Find the line with "level-(l - n) chain." in the records below. Copy it and every line after it, up to and including the line with "condition, which describes".

- Excerpted data:
********

section \<open>The Moore--Penrose pseudoinverse\<close>

lemma is_pinv_mult_right_eq:
  fixes A B C :: "real mat"
  assumes A: "A \<in> carrier_mat n m" and B: "is_pinv A B" and C: "is_pinv A C"
  shows "A * B = A * C"
proof -
  have Bc: "B \<in> carrier_mat m n" and ABA: "A * B * A = A" and sym_AB: "(A * B)\<^sup>T = A * B"
    using A B by (auto simp: is_pinv_def)
  have Cc: "C \<in> carrier_mat m n" and ACA: "A * C * A = A" and sym_AC: "(A * C)\<^sup>T = A * C"
    using A C by (auto simp: is_pinv_def)
  have At: "A\<^sup>T \<in> carrier_mat m n" and Bt: "B\<^sup>T \<in> carrier_mat n m"
    and AC: "A * C \<in> carrier_mat n n" using A Bc Cc by auto
  have "A * B = B\<^sup>T * A\<^sup>T" using sym_AB transpose_mult[OF A Bc] by simp
  also have "A\<^sup>T = (A * C * A)\<^sup>T" using ACA by simp
  also have "\<dots> = A\<^sup>T * (A * C)" using transpose_mult[of "A * C" n n A m] A Cc sym_AC by simp
  also have "B\<^sup>T * (A\<^sup>T * (A * C)) = (A * B)\<^sup>T * (A * C)"
    using transpose_mult[OF A Bc] assoc_mult_mat[OF Bt At AC] by simp
  also have "\<dots> = (A * B * A) * C" using sym_AB assoc_mult_mat[of "A * B" n n A m C n] A Bc Cc by simp
  also have "\<dots> = A * C" using ABA by simp
  finally show ?thesis .
qed

lemma is_pinv_mult_left_eq:
  fixes A B C :: "real mat"
  assumes A: "A \<in> carrier_mat n m" and B: "is_pinv A B" and C: "is_pinv A C"
  shows "B * A = C * A"
proof -
  have Bc: "B \<in> carrier_mat m n" and ABA: "A * B * A = A" and sym_BA: "(B * A)\<^sup>T = B * A"
    using A B by (auto simp: is_pinv_def)
  have Cc: "C \<in> carrier_mat m n" and ACA: "A * C * A = A" and sym_CA: "(C * A)\<^sup>T = C * A"
    using A C by (auto simp: is_pinv_def)
  have At: "A\<^sup>T \<in> carrier_mat m n" and Bt: "B\<^sup>T \<in> carrier_mat n m"
    and CA: "C * A \<in> carrier_mat m m" and BA: "B * A \<in> carrier_mat m m" using A Bc Cc by auto
  have "B * A = A\<^sup>T * B\<^sup>T" using sym_BA transpose_mult[OF Bc A] by simp
  also have "A\<^sup>T = (A * (C * A))\<^sup>T" using ACA A Cc by simp
  also have "\<dots> = (C * A) * A\<^sup>T" using transpose_mult[OF A CA] sym_CA by simp
  also have "C * A * A\<^sup>T * B\<^sup>T = (C * A) * (B * A)"
    using assoc_mult_mat[OF CA At Bt] transpose_mult[OF Bc A] sym_BA by simp
  also have "\<dots> = C * ((A * B) * A)" using assoc_mult_mat[OF Cc A BA] assoc_mult_mat[OF A Bc A] by simp
  also have "\<dots> = C * A" using ABA by simp
  finally show ?thesis .
qed

lemma is_pinv_unique:
  fixes A B C :: "real mat"
  assumes A: "A \<in> carrier_mat n m" and B: "is_pinv A B" and C: "is_pinv A C"
  shows "B = C"
proof -
  have Bc: "B \<in> carrier_mat m n" and BAB: "B * A * B = B" using A B by (auto simp: is_pinv_def)
  have Cc: "C \<in> carrier_mat m n" and CAC: "C * A * C = C" using A C by (auto simp: is_pinv_def)
  have "B = B * (A * B)" using BAB A Bc by simp
  also have "\<dots> = (B * A) * C" using is_pinv_mult_right_eq[OF A B C] A Bc Cc by simp
  also have "\<dots> = C" using is_pinv_mult_left_eq[OF A B C] CAC by simp
  finally show ?thesis .
qed

lemma is_pinv_mult:
  fixes B C Bl Cr :: "real mat"
  assumes B: "B \<in> carrier_mat n r" and C: "C \<in> carrier_mat r m"
    and Bl: "Bl \<in> carrier_mat r n" and Cr: "Cr \<in> carrier_mat m r"
    and left: "Bl * B = 1\<^sub>m r" and right: "C * Cr = 1\<^sub>m r"
    and sym_B: "(B * Bl)\<^sup>T = B * Bl" and sym_C: "(Cr * C)\<^sup>T = Cr * C"
  shows "is_pinv (B * C) (Cr * Bl)"
proof -
  have P: "Cr * Bl \<in> carrier_mat m n" and A: "B * C \<in> carrier_mat n m" using B C Bl Cr by auto
  have AP: "B * C * (Cr * Bl) = B * Bl"
  proof -
    have "B * C * (Cr * Bl) = B * ((C * Cr) * Bl)"
      using assoc_mult_mat[OF B C P] assoc_mult_mat[OF C Cr Bl] by simp
    then show ?thesis using right Bl by simp
  qed
  have PA: "Cr * Bl * (B * C) = Cr * C"
  proof -
    have "Cr * Bl * (B * C) = Cr * ((Bl * B) * C)"
      using assoc_mult_mat[OF Cr Bl A] assoc_mult_mat[OF Bl B C] by simp
    then show ?thesis using left C by simp
  qed
  have "B * C * (Cr * Bl) * (B * C) = B * (Bl * (B * C))"
    unfolding AP using assoc_mult_mat[OF B Bl A] .
  also have "\<dots> = B * ((Bl * B) * C)" using assoc_mult_mat[OF Bl B C] by simp
  also have "\<dots> = B * C" using left C by simp
  finally have APA: "B * C * (Cr * Bl) * (B * C) = B * C" .
  have "Cr * Bl * (B * C) * (Cr * Bl) = Cr * (C * (Cr * Bl))"
    unfolding PA using assoc_mult_mat[OF Cr C P] .
  also have "\<dots> = Cr * ((C * Cr) * Bl)" using assoc_mult_mat[OF C Cr Bl] by simp
  also have "\<dots> = Cr * Bl" using right Bl by simp
  finally have PAP: "Cr * Bl * (B * C) * (Cr * Bl) = Cr * Bl" .
  show ?thesis unfolding is_pinv_def using P B C APA PAP AP PA sym_B sym_C by simp
qed
(* Let $p\in(0,1)$, $\beta\in\mathbb{R}$, $l\ge1$ and $1\le n\le l$ be fixed, let $\theta=0$, and for $k\in\{0,\dots,3^n-1\}$ set $\alpha=\frac{k}{3^n}$. There exists a polynomial $R_{p,\beta,\frac{k}{3^n},0}$ of degree $3^n$ such that $$\sigma\Big(H^{(l)}_{p,\beta,\frac{k}{3^n},0}\Big)=R^{-1}_{p,\beta,\frac{k}{3^n},0}\Big(\sigma(\Delta_p^{(l-n)})\setminus\sigma(\Delta^{(0)})\Big)\ \cup\ \sigma\Big(H^{(n)}_{p,\beta,\frac{k}{3^n},0}\Big).$$ Furthermore, for $n=1$ and $k\in\{1,2\}$ the polynomial is $$R_{p,\beta,\frac{k}{3},0}(z)=\frac{(-\beta+2p-2z)\,(\beta^2+2\beta p+\beta z-2pz-2p-2z^2+2)}{4p(1-p)}.$$
   Context: For $x\in\mathbb{Z}_+\setminus\{0\}$ let $m(x)$ be the largest integer $m\ge0$ with $3^m\mid x$. For $x\ge1$ set $p(x,x-1)=1-p,\ p(x,x+1)=p$ if $3^{-m(x)}x\equiv1\pmod3$, and $p(x,x-1)=p,\ p(x,x+1)=1-p$ if $3^{-m(x)}x\equiv2\pmod3$. Let $V_l=\{0,1,\dots,3^l\}$. The level-$l$ self-similar almost Mathieu operator $H^{(l)}_{p,\beta,\alpha,\theta}$ acts on $f:V_l\to\mathbb{C}$ by $(H^{(l)}f)(0)=\beta\cos(\theta)f(0)-f(1)$, $(H^{(l)}f)(3^l)=\beta\cos(2\pi\alpha3^l+\theta)f(3^l)-f(3^l-1)$, and for $1\le x\le 3^l-1$: $(H^{(l)}f)(x)=\beta\cos(2\pi\alpha x+\theta)f(x)-p(x,x-1)f(x-1)-p(x,x+1)f(x+1)$; it is regarded as a $(3^l+1)\times(3^l+1)$ matrix and $\sigma$ denotes its set of eigenvalues. The level-$l$ Laplacian $\Delta^{(l)}_p$ on $V_l$ is $(\Delta^{(l)}_pf)(0)=f(0)-f(1)$, $(\Delta_p^{(l)}f)(x)=f(x)-p(x,x-1)f(x-1)-p(x,x+1)f(x+1)$ for $1\le x\le3^l-1$, and $(\Delta^{(l)}_pf)(3^l)=f(3^l)-f(3^l-1)$; in particular $\Delta^{(0)}=\begin{pmatrix}1&-1\\-1&1\end{pmatrix}$, with $\sigma(\Delta^{(0)})=\{0,2\}$. For a polynomial $R$ and a set $A$, $R^{-1}(A)=\{z\in\mathbb{C}: R(z)\in A\}$. *)

theory Defs
  imports Complex_Main "HOL-Computational_Algebra.Polynomial"
begin

definition m3 :: "nat \<Rightarrow> nat" where
  "m3 x = (GREATEST m. (3::nat) ^ m dvd x)"

definition trans_p :: "real \<Rightarrow> nat \<Rightarrow> nat \<Rightarrow> real" where
  "trans_p p x y =
     (let r = (x div 3 ^ m3 x) mod 3 in
      if y + 1 = x then (if r = 1 then 1 - p else if r = 2 then p else 0)
      else if y = x + 1 then (if r = 1 then p else if r = 2 then 1 - p else 0)
      else 0)"

text \<open>Matrix of the level-l self-similar almost Mathieu operator on V_l = {0..3^l},
  indexed by i, j \<in> {0..3^l}: (H f)(i) = \<Sum>j. H i j * f j.\<close>
definition H_mat :: "real \<Rightarrow> real \<Rightarrow> real \<Rightarrow> real \<Rightarrow> nat \<Rightarrow> nat \<Rightarrow> nat \<Rightarrow> real" where
  "H_mat p \<beta> \<alpha> \<theta> l i j =
     (if i = 0 then (if j = 0 then \<beta> * cos \<theta> else if j = 1 then -1 else 0)
      else if i = 3 ^ l then
        (if j = 3 ^ l then \<beta> * cos (2 * pi * \<alpha> * 3 ^ l + \<theta>)
         else if j + 1 = 3 ^ l then -1 else 0)
      else (if j = i then \<beta> * cos (2 * pi * \<alpha> * real i + \<theta>)
            else if j + 1 = i \<or> j = i + 1 then - trans_p p i j else 0))"

definition Lap_mat :: "real \<Rightarrow> nat \<Rightarrow> nat \<Rightarrow> nat \<Rightarrow> real" where
  "Lap_mat p l i j =
     (if i = 0 then (if j = 0 then 1 else if j = 1 then -1 else 0)
      else if i = 3 ^ l then
        (if j = 3 ^ l then 1 else if j + 1 = 3 ^ l then -1 else 0)
      else (if j = i then 1
            else if j + 1 = i \<or> j = i + 1 then - trans_p p i j else 0))"

definition mat_spec :: "nat \<Rightarrow> (nat \<Rightarrow> nat \<Rightarrow> real) \<Rightarrow> complex set" where
  "mat_spec N A = {z. \<exists>f :: nat \<Rightarrow> complex. (\<exists>x\<le>N. f x \<noteq> 0) \<and>
       (\<forall>i\<le>N. (\<Sum>j\<le>N. complex_of_real (A i j) * f j) = z * f i)}"

definition sigma_H :: "real \<Rightarrow> real \<Rightarrow> real \<Rightarrow> real \<Rightarrow> nat \<Rightarrow> complex set" where
  "sigma_H p \<beta> \<alpha> \<theta> l = mat_spec (3 ^ l) (H_mat p \<beta> \<alpha> \<theta> l)"

definition sigma_Lap :: "real \<Rightarrow> nat \<Rightarrow> complex set" where
  "sigma_Lap p l = mat_spec (3 ^ l) (Lap_mat p l)"

definition poly_preimage :: "real poly \<Rightarrow> complex set \<Rightarrow> complex set" where
  "poly_preimage R A = {z. poly (map_poly complex_of_real R) z \<in> A}"

end

theory Submission
  imports Defs
begin

(* An eigenvector of a tridiagonal matrix with nonzero off-diagonal entries is determined by its
   first entry through the three-term recurrence, so z is an eigenvalue exactly when the solution
   started at the left end satisfies the boundary condition at the right end.

   For alpha = k / 3^n the level-l chain is 3^n-periodic inside cells, every cell is reflection
   symmetric, and at the multiples of N = 3^n the transition probabilities repeat those of the
   level-(l - n) chain. Crossing one cell therefore maps (f (N j), f (N j + 1)) by a fixed
   unimodular matrix built from the two fundamental solutions P, Q of a cell, and the samples
   f (N j) solve the level-(l - n) Laplacian recurrence with spectral parameter
   R z = 1 - P N - (beta - z) Q N. The boundary condition of H at 3^l turns into the Laplacian
   boundary condition at R z, except where R z is 0 or 2; there it degenerates into the single-cell
   condition, which describes the spectrum of H at level n. *)

section \<open>Three-term recurrences\<close>

fun three_term :: "(nat \<Rightarrow> 'a::field) \<Rightarrow> (nat \<Rightarrow> 'a) \<Rightarrow> (nat \<Rightarrow> 'a) \<Rightarrow> 'a \<Rightarrow> 'a \<Rightarrow> 'a \<Rightarrow> nat \<Rightarrow> 'a"
  where
    "three_term a b V z u v 0 = u"
  | "three_term a b V z u v (Suc 0) = v"
  | "three_term a b V z u v (Suc (Suc y)) =
       ((V (Suc y) - z) * three_term a b V z u v (Suc y) - a (Suc y) * three_term a b V z u v y)
       / b (Suc y)"

lemma three_term_step:
  assumes "1 \<le> y" "b y \<noteq> 0"
  shows "b y * three_term a b V z u v (y + 1) =
    (V y - z) * three_term a b V z u v y - a y * three_term a b V z u v (y - 1)"
  using assms by (cases y) auto

lemma three_term_linear:
  "three_term a b V z u v y = u * three_term a b V z 1 0 y + v * three_term a b V z 0 1 y"
  by (induction y rule: induct_nat_012) (simp_all add: divide_inverse algebra_simps)

lemma three_term_unique:
  assumes rec: "\<And>y. 1 \<le> y \<Longrightarrow> y < M \<Longrightarrow> b y * h (y + 1) = (V y - z) * h y - a y * h (y - 1)"
    and b: "\<And>y. 1 \<le> y \<Longrightarrow> y < M \<Longrightarrow> b y \<noteq> 0" and "y \<le> M"
  shows "h y = three_term a b V z (h 0) (h 1) y"
proof -
  let ?f = "three_term a b V z (h 0) (h 1)"
  have pair: "h y = ?f y \<and> h (Suc y) = ?f (Suc y)" if "y < M" for y
    using that
  proof (induction y)
    case (Suc y)
    then show ?case using rec[of "Suc y"] b[of "Suc y"] by (simp add: eq_divide_eq mult.commute)
  qed simp
  show ?thesis
  proof (cases y)
    case (Suc x)
    then show ?thesis using pair[of x] \<open>y \<le> M\<close> by simp
  qed simp
qed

********

- Exercise answer:
   level-(l - n) chain. Crossing one cell therefore maps (f (N j), f (N j + 1)) by a fixed
   unimodular matrix built from the two fundamental solutions P, Q of a cell, and the samples
   f (N j) solve the level-(l - n) Laplacian recurrence with spectral parameter
   R z = 1 - P N - (beta - z) Q N. The boundary condition of H at 3^l turns into the Laplacian
   boundary condition at R z, except where R z is 0 or 2; there it degenerates into the single-cell
   condition, which describes the spectrum of H at level n. *)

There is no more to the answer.